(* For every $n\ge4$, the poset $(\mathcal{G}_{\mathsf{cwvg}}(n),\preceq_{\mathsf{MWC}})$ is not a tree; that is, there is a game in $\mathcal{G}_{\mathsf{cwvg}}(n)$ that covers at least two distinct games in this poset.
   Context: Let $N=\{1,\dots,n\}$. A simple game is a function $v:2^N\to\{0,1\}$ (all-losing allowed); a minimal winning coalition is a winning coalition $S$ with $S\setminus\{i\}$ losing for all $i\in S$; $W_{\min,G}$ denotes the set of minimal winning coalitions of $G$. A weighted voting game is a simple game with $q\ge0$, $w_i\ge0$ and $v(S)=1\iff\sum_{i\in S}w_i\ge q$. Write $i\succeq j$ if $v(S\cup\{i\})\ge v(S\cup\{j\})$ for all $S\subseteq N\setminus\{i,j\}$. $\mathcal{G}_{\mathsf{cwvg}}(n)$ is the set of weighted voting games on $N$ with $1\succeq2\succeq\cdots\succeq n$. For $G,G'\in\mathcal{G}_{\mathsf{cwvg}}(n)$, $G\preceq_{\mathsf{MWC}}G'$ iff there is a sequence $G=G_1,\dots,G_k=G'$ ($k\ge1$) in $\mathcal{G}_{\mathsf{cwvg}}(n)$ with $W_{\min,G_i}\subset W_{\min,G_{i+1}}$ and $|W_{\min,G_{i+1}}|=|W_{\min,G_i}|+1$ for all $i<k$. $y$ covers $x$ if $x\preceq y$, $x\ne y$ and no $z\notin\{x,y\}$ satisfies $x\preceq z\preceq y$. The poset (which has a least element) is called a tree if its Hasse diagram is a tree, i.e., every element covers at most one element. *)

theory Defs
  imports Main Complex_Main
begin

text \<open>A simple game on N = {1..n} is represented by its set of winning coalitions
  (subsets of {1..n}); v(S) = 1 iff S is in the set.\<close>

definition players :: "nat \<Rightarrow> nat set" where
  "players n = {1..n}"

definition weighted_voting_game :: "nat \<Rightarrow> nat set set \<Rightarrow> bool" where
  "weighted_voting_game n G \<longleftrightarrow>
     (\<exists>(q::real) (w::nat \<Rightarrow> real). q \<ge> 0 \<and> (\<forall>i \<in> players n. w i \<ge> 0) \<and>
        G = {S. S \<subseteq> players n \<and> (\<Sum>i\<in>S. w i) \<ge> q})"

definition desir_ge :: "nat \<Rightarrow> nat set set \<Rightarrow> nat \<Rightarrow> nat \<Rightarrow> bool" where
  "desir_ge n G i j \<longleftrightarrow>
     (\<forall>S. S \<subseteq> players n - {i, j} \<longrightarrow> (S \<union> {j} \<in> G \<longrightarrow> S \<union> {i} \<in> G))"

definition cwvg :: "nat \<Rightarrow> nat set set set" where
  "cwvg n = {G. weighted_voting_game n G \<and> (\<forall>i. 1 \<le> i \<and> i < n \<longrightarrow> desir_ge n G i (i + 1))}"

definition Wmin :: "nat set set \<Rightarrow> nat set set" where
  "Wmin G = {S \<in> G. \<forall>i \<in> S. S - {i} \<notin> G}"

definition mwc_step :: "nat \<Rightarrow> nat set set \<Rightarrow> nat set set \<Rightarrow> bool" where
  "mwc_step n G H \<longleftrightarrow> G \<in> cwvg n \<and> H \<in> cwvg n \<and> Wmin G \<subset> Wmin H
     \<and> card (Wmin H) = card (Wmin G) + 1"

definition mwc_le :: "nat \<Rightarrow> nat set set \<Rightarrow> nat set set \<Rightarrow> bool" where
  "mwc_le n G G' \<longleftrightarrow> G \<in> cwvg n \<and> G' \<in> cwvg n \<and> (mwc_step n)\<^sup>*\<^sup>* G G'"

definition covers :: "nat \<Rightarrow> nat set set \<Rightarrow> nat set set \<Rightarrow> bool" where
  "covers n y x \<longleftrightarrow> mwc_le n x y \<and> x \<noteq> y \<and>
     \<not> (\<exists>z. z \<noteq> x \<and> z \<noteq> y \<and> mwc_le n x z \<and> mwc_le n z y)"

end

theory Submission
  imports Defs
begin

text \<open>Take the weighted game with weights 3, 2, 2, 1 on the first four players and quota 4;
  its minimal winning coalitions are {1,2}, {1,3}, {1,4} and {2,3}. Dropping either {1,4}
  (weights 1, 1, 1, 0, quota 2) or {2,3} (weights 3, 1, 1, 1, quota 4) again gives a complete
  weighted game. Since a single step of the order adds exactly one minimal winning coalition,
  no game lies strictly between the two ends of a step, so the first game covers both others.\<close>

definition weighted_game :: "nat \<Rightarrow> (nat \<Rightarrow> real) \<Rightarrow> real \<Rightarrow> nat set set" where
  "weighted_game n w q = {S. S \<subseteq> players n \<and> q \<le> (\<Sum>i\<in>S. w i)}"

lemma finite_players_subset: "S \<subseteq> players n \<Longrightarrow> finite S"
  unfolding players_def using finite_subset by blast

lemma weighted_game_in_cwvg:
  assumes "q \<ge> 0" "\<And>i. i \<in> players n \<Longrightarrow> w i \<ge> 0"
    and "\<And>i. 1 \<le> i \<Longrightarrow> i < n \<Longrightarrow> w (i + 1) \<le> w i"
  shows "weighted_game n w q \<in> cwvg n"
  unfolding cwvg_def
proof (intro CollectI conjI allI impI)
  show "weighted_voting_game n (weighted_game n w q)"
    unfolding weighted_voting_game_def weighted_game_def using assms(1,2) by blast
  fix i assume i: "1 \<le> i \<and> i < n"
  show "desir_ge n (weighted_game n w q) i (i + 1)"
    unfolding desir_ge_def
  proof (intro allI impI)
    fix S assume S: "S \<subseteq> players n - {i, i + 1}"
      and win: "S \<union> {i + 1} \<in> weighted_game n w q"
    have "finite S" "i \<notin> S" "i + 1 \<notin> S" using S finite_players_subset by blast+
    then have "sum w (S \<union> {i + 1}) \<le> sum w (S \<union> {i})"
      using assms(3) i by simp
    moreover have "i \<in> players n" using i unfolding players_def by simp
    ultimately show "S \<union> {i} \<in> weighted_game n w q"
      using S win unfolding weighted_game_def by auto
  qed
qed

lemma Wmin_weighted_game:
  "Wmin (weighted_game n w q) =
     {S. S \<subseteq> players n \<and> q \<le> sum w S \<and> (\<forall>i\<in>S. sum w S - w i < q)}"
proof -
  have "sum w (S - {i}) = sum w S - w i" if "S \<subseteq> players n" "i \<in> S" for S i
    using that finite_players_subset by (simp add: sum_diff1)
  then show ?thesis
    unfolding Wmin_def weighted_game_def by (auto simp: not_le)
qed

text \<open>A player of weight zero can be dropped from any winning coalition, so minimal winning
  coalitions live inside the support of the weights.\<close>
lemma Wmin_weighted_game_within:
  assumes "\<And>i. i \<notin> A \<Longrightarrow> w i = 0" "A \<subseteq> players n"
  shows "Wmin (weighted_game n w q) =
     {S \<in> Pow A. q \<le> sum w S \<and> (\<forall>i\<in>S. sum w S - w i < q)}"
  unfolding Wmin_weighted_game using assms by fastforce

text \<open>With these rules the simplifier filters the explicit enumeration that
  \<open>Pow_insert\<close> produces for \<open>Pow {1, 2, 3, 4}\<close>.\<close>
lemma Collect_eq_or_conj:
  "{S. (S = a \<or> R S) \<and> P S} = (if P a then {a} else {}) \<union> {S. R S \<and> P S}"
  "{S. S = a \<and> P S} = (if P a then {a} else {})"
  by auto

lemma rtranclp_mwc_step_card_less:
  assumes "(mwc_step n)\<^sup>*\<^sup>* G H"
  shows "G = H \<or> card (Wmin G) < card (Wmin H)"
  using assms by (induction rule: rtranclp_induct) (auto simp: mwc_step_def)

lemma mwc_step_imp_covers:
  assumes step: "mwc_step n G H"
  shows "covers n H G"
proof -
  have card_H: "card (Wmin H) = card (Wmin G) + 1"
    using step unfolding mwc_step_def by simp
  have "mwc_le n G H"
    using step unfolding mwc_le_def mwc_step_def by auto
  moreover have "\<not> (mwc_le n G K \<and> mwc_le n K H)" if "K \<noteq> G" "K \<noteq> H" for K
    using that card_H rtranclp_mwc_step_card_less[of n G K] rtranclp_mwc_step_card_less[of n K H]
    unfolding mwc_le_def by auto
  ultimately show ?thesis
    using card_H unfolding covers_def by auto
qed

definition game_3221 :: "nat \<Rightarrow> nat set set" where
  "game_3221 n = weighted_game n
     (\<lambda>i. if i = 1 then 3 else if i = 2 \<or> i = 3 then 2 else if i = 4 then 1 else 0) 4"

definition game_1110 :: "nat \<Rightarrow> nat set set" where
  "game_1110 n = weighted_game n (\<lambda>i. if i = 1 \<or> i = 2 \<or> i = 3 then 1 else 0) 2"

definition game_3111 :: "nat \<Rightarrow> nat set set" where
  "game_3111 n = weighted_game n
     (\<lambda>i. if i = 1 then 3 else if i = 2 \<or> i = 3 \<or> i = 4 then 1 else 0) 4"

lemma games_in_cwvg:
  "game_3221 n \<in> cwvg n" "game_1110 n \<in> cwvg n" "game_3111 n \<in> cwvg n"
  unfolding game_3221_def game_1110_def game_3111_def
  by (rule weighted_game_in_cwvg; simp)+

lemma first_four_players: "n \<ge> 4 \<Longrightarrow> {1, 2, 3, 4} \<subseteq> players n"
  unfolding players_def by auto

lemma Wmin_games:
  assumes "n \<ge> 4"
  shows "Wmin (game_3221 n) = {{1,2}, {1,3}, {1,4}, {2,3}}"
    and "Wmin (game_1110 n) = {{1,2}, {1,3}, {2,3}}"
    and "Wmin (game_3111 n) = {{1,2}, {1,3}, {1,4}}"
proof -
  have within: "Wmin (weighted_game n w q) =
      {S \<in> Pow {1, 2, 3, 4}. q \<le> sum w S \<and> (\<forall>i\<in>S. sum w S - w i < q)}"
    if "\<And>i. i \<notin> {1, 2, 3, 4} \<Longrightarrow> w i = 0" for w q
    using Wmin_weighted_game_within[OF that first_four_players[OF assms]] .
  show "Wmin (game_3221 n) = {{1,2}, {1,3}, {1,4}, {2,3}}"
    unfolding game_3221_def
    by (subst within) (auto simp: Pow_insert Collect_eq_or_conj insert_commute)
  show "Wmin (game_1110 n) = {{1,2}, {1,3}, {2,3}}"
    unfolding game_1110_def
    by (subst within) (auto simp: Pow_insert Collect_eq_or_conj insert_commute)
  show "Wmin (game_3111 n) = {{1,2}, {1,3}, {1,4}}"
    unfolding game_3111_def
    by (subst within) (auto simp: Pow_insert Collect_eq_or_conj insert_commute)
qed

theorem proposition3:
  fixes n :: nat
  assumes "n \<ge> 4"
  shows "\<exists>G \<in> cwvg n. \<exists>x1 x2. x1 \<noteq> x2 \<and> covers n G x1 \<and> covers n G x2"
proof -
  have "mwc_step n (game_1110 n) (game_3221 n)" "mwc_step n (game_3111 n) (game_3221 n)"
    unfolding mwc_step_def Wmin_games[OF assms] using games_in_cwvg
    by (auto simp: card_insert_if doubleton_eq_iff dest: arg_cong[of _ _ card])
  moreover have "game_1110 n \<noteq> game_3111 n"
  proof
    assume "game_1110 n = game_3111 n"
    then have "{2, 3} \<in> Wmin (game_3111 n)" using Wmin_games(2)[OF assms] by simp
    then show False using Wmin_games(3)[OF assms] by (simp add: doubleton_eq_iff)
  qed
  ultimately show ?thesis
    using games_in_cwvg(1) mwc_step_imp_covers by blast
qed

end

* * *

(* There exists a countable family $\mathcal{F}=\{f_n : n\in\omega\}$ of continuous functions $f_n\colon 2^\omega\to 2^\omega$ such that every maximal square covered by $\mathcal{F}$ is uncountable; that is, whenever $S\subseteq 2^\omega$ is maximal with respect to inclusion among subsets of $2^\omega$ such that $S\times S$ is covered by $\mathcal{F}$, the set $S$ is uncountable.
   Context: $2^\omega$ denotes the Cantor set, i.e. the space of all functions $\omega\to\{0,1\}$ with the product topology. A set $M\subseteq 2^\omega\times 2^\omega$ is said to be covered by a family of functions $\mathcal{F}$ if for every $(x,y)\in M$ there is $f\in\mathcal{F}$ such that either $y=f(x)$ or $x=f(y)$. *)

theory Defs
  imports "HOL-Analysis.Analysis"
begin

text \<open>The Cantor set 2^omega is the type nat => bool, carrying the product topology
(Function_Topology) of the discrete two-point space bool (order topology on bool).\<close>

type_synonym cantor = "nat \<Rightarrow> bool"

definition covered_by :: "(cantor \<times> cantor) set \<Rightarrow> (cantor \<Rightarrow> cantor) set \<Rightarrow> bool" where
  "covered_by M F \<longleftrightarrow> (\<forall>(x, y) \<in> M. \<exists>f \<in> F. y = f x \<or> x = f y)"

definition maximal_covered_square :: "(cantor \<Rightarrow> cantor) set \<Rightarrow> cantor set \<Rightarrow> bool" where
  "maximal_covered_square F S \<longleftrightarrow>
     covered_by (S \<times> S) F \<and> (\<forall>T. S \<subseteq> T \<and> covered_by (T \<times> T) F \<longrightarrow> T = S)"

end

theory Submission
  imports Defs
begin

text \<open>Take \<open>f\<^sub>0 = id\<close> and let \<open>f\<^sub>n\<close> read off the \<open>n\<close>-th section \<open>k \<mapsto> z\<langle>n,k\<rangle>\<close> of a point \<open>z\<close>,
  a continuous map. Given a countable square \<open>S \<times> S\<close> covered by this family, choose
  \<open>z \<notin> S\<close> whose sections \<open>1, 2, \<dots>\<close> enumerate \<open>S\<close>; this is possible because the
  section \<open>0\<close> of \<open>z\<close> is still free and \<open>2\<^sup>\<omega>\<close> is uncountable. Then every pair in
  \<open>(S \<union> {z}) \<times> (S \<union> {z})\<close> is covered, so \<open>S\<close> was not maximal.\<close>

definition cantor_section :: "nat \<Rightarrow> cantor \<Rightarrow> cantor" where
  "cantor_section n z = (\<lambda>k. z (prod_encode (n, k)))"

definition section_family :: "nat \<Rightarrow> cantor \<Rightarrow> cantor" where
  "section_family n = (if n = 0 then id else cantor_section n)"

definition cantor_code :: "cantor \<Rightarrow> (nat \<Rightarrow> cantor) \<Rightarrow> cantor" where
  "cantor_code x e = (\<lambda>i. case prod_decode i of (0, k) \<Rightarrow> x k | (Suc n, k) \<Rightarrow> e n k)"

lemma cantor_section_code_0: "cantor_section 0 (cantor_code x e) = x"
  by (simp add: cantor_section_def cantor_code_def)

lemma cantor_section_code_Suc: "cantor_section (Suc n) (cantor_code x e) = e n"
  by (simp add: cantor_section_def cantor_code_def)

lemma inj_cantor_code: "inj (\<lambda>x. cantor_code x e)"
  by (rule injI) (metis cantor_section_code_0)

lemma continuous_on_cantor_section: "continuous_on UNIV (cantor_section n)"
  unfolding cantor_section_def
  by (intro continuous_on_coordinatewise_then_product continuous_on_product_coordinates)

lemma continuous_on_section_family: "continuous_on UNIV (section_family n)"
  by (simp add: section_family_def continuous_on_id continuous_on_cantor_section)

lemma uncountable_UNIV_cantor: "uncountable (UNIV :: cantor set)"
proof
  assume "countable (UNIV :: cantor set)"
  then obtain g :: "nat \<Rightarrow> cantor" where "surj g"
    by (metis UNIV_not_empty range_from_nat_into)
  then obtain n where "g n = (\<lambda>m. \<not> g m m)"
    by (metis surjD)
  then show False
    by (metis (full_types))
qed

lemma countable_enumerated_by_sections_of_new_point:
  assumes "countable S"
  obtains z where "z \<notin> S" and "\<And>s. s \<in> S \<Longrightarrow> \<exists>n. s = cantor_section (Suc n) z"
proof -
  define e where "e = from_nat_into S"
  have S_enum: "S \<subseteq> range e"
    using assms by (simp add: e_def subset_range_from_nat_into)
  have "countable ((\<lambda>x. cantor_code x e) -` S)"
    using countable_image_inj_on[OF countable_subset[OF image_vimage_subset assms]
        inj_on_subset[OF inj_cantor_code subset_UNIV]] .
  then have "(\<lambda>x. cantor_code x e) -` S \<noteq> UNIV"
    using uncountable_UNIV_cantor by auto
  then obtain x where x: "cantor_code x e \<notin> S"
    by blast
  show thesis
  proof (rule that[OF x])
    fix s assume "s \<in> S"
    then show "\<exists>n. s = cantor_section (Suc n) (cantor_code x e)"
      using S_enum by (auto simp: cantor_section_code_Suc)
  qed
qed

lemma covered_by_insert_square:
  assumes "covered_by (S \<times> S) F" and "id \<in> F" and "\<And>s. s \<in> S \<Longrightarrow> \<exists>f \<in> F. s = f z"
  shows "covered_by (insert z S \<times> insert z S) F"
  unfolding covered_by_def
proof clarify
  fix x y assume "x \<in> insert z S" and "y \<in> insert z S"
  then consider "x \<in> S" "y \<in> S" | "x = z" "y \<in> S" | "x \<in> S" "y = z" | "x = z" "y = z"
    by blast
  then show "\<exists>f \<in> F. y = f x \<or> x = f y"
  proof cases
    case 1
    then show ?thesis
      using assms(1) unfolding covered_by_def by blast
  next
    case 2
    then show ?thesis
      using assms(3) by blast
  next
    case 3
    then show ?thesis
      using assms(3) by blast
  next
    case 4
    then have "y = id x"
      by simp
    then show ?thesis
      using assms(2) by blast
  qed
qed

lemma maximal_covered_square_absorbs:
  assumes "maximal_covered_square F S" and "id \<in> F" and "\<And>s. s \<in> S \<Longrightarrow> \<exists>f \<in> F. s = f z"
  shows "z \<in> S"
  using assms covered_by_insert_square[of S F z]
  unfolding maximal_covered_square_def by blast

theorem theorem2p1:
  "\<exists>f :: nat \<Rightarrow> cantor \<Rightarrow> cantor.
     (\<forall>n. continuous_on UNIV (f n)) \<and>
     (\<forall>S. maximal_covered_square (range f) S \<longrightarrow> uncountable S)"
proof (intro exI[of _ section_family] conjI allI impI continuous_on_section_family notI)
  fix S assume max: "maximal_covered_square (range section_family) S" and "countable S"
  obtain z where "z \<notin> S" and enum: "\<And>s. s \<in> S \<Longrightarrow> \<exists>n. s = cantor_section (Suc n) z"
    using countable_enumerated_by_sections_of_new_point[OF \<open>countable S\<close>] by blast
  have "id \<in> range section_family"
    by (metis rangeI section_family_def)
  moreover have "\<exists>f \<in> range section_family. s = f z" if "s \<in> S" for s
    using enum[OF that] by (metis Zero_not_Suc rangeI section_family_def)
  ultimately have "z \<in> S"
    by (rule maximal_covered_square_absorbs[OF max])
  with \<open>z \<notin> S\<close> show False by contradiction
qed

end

→ Task brief
State how many lines of the records above contain the word "False", and give only that number.

→ Response to the task
3